(RECORDS PROVIDED)

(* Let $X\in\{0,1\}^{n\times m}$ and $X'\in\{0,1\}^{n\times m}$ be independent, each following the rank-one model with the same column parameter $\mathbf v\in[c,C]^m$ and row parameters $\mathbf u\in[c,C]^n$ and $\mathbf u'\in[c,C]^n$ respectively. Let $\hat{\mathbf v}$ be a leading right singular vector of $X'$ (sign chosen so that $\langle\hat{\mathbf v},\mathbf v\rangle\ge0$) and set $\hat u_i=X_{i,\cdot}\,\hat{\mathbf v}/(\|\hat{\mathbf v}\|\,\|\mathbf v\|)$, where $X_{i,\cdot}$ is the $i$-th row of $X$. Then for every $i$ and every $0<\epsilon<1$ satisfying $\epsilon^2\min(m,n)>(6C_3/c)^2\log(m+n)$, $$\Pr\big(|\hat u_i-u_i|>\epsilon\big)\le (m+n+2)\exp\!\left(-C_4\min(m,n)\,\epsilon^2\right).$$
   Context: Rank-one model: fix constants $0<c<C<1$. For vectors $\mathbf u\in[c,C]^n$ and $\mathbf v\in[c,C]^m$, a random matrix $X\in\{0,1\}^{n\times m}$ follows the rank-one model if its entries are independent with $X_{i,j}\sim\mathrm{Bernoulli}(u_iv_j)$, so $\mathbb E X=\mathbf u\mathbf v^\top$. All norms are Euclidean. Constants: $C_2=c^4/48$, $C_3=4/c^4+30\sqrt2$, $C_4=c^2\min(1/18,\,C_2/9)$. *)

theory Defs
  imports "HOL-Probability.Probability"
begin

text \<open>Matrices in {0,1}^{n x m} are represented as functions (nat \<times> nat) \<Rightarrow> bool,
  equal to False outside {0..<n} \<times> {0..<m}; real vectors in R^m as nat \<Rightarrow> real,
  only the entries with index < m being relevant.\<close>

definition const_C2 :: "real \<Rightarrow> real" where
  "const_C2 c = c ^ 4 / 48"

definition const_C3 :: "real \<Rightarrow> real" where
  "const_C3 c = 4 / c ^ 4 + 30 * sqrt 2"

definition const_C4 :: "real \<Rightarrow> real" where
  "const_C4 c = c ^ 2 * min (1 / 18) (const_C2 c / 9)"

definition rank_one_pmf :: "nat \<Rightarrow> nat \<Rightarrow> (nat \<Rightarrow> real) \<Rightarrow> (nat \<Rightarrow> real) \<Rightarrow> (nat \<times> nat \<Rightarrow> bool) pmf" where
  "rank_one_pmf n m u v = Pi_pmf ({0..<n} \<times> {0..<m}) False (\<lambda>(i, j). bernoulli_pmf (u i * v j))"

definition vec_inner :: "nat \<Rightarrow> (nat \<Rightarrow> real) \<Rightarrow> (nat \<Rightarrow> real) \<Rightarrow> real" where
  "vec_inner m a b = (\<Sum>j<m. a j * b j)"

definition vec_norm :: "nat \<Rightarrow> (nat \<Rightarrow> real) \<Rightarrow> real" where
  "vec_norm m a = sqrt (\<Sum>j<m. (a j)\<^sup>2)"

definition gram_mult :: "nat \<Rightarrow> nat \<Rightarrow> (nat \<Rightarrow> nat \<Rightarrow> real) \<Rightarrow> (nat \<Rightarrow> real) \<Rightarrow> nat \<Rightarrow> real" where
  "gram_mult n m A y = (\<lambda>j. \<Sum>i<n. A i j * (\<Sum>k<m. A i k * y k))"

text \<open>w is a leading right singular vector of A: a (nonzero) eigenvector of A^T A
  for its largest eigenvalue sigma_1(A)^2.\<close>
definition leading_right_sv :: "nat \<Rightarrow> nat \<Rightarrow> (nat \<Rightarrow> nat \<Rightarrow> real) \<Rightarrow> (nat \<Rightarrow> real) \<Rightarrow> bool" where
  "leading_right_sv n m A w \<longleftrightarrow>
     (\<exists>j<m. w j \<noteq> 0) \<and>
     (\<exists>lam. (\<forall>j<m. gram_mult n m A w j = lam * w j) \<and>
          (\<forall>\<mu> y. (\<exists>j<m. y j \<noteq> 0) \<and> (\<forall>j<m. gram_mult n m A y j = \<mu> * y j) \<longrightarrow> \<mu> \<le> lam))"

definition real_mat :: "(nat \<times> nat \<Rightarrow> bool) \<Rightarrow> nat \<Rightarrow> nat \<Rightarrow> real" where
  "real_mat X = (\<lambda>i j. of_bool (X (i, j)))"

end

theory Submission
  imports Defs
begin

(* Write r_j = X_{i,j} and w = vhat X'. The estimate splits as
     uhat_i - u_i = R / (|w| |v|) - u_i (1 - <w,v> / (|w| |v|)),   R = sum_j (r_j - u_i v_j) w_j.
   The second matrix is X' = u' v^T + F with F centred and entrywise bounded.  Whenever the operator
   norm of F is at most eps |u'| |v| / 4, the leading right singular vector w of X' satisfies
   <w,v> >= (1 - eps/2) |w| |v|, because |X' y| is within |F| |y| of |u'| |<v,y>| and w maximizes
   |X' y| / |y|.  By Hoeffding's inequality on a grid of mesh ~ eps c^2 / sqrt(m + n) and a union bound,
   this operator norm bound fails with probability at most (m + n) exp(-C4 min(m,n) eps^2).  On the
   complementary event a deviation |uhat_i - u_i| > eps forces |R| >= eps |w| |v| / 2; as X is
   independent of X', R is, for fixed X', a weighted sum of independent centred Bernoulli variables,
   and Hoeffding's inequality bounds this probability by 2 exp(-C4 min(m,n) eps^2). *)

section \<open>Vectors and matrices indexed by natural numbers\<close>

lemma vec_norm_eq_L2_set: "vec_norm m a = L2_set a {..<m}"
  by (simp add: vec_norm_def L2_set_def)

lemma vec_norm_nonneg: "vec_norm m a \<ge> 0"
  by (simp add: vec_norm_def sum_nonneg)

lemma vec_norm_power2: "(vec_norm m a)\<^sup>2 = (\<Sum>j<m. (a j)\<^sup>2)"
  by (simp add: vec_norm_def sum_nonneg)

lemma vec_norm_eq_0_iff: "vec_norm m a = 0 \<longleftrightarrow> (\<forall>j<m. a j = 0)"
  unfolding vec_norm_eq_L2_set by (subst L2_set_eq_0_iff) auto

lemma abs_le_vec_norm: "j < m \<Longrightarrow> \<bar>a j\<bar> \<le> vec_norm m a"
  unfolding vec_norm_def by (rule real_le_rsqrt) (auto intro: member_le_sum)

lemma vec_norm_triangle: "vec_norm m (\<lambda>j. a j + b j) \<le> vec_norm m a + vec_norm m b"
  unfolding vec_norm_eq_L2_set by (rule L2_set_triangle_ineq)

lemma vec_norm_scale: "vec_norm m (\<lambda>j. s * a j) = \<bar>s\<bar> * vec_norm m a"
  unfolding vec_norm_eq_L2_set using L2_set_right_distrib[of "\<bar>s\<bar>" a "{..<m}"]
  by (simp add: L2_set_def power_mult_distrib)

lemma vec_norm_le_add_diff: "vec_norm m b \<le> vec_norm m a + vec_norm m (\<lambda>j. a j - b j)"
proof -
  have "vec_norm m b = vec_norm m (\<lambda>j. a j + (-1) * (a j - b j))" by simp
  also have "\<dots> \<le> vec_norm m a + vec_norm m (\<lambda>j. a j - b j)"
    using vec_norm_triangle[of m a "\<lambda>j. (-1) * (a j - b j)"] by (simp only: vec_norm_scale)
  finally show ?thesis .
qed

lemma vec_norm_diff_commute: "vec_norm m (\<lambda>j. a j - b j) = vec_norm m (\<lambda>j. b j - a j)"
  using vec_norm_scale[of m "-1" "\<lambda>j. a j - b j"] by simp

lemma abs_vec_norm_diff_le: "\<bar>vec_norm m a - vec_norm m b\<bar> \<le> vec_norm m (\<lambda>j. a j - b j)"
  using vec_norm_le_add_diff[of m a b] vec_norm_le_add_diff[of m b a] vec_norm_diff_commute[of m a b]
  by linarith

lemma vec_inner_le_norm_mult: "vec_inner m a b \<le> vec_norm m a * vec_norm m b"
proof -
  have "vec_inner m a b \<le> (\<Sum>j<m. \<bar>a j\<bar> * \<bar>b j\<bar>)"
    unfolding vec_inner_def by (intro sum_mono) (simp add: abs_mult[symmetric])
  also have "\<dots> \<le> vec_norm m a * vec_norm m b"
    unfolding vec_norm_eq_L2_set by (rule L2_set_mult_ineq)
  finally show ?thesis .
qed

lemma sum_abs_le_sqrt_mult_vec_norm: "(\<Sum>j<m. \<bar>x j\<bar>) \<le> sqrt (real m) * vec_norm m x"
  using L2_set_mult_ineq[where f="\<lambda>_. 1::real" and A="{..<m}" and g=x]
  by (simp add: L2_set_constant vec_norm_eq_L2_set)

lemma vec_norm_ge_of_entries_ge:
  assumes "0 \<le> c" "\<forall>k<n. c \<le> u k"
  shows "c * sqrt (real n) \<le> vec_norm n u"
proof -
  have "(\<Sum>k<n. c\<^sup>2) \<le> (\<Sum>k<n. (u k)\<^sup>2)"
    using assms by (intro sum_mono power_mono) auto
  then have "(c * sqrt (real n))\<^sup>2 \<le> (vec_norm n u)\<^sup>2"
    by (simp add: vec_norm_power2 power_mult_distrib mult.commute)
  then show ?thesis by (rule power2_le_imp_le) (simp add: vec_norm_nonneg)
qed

(End RECORDS PROVIDED)
(RECORDS PROVIDED)

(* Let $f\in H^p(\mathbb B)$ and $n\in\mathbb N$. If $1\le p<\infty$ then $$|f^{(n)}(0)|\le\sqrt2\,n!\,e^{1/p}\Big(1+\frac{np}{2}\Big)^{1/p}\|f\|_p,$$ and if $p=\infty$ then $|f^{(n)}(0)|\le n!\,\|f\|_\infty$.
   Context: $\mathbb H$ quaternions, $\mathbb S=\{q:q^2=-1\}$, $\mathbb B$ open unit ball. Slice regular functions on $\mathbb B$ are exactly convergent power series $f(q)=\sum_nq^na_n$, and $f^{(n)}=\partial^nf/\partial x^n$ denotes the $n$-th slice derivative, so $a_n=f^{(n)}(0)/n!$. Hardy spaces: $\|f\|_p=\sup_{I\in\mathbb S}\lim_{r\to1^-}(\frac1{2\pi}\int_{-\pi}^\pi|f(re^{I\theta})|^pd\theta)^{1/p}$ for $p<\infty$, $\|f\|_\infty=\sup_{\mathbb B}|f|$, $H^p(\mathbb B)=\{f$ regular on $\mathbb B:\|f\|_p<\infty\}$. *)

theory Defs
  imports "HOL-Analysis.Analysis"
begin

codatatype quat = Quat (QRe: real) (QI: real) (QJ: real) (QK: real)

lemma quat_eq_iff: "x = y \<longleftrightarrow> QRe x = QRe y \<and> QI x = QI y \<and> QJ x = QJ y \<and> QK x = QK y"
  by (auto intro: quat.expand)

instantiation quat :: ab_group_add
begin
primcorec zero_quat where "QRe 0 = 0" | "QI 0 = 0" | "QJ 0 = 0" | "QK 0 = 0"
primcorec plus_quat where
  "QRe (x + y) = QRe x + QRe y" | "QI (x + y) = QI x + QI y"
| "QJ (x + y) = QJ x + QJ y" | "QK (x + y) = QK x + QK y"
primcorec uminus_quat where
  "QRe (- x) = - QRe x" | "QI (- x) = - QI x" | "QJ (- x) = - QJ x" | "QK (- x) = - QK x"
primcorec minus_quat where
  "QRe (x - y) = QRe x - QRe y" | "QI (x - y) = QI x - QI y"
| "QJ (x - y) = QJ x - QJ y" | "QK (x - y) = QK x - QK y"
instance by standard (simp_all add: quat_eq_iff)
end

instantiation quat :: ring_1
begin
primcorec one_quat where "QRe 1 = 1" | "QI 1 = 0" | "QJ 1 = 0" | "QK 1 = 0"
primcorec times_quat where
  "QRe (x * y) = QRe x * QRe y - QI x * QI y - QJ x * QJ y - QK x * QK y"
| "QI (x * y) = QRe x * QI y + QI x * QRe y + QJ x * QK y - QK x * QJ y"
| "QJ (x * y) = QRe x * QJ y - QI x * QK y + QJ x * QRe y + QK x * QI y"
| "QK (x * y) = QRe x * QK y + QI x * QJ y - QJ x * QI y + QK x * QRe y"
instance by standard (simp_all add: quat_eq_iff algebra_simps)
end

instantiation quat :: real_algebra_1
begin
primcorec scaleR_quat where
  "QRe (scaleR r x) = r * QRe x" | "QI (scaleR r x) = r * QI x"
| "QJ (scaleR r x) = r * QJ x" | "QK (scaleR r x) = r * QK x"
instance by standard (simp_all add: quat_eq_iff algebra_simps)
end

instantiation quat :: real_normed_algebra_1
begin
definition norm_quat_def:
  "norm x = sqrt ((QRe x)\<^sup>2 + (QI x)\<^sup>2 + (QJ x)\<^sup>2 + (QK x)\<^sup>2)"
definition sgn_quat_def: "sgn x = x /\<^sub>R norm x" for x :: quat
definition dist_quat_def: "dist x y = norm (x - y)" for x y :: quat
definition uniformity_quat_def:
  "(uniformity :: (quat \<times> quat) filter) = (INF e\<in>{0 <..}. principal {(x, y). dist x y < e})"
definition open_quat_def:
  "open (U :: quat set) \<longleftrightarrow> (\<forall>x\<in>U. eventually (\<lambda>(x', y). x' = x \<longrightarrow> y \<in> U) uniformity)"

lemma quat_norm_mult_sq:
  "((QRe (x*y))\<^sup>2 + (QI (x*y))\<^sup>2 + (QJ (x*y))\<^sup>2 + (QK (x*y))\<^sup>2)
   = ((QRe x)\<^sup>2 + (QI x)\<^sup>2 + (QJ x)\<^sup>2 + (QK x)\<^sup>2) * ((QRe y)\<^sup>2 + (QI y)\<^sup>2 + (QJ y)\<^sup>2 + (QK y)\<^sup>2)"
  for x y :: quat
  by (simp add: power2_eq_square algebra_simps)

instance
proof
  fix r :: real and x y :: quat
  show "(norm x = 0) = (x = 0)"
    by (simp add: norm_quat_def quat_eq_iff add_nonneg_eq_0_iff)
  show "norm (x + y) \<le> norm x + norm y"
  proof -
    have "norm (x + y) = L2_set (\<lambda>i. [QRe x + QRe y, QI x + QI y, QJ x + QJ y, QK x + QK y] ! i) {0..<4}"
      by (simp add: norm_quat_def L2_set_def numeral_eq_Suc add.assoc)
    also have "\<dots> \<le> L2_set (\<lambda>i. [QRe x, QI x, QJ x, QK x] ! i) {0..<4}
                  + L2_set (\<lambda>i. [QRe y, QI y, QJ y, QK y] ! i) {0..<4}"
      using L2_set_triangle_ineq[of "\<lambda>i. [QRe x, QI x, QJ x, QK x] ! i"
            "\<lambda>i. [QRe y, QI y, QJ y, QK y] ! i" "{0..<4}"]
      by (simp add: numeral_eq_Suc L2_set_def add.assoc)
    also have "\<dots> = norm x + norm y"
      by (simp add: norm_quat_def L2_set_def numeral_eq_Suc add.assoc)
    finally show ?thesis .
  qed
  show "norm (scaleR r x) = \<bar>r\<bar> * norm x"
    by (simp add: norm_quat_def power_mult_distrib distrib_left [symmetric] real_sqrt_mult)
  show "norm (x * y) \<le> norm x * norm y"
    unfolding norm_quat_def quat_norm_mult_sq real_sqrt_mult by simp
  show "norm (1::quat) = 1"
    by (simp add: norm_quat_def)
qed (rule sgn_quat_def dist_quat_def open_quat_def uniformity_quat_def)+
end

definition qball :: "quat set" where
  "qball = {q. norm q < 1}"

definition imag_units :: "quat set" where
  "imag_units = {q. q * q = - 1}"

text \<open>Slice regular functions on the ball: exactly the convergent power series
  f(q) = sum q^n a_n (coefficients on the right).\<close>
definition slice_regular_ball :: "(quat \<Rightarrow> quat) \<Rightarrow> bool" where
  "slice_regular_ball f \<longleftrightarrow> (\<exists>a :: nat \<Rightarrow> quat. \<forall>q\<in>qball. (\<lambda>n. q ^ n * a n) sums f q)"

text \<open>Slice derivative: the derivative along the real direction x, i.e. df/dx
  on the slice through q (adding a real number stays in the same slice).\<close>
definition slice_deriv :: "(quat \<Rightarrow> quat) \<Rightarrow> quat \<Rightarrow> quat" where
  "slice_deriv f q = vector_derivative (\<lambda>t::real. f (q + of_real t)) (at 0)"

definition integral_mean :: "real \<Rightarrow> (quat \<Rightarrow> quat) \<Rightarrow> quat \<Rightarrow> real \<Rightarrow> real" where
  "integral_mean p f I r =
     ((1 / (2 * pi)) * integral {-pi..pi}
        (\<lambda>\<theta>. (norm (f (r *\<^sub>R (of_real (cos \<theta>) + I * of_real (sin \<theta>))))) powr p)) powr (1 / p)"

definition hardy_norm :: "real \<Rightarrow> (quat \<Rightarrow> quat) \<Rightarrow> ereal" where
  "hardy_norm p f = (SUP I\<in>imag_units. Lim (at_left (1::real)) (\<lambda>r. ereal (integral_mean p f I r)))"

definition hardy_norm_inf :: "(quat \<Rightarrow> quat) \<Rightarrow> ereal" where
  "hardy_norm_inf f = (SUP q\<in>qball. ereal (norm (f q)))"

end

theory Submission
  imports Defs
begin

(End RECORDS PROVIDED)
(RECORDS PROVIDED)

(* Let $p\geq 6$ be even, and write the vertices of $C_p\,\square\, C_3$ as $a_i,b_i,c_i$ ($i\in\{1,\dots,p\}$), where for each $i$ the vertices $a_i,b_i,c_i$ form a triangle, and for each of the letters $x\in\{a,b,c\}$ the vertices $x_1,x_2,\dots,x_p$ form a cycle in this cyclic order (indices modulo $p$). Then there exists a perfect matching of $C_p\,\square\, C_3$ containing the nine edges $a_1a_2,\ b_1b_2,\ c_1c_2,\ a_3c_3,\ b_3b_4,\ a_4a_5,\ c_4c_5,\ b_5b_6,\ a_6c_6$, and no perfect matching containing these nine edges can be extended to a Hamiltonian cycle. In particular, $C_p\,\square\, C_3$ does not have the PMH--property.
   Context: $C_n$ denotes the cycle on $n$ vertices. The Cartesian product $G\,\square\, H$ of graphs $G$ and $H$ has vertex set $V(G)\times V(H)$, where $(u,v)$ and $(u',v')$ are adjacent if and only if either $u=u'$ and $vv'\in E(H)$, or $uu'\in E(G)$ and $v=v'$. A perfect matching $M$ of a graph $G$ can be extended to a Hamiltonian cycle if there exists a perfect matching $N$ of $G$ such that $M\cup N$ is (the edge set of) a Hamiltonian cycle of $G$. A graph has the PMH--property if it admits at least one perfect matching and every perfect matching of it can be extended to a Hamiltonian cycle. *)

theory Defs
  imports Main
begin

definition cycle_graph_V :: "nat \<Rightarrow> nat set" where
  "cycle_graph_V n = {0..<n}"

(End RECORDS PROVIDED)

● **TASK DESCRIPTION**
Lines with the word "instance" in them are the answer; report each one from the data.

● **ANSWER SPACE**
instance by standard (simp_all add: quat_eq_iff)
instance by standard (simp_all add: quat_eq_iff algebra_simps)
instance by standard (simp_all add: quat_eq_iff algebra_simps)
instance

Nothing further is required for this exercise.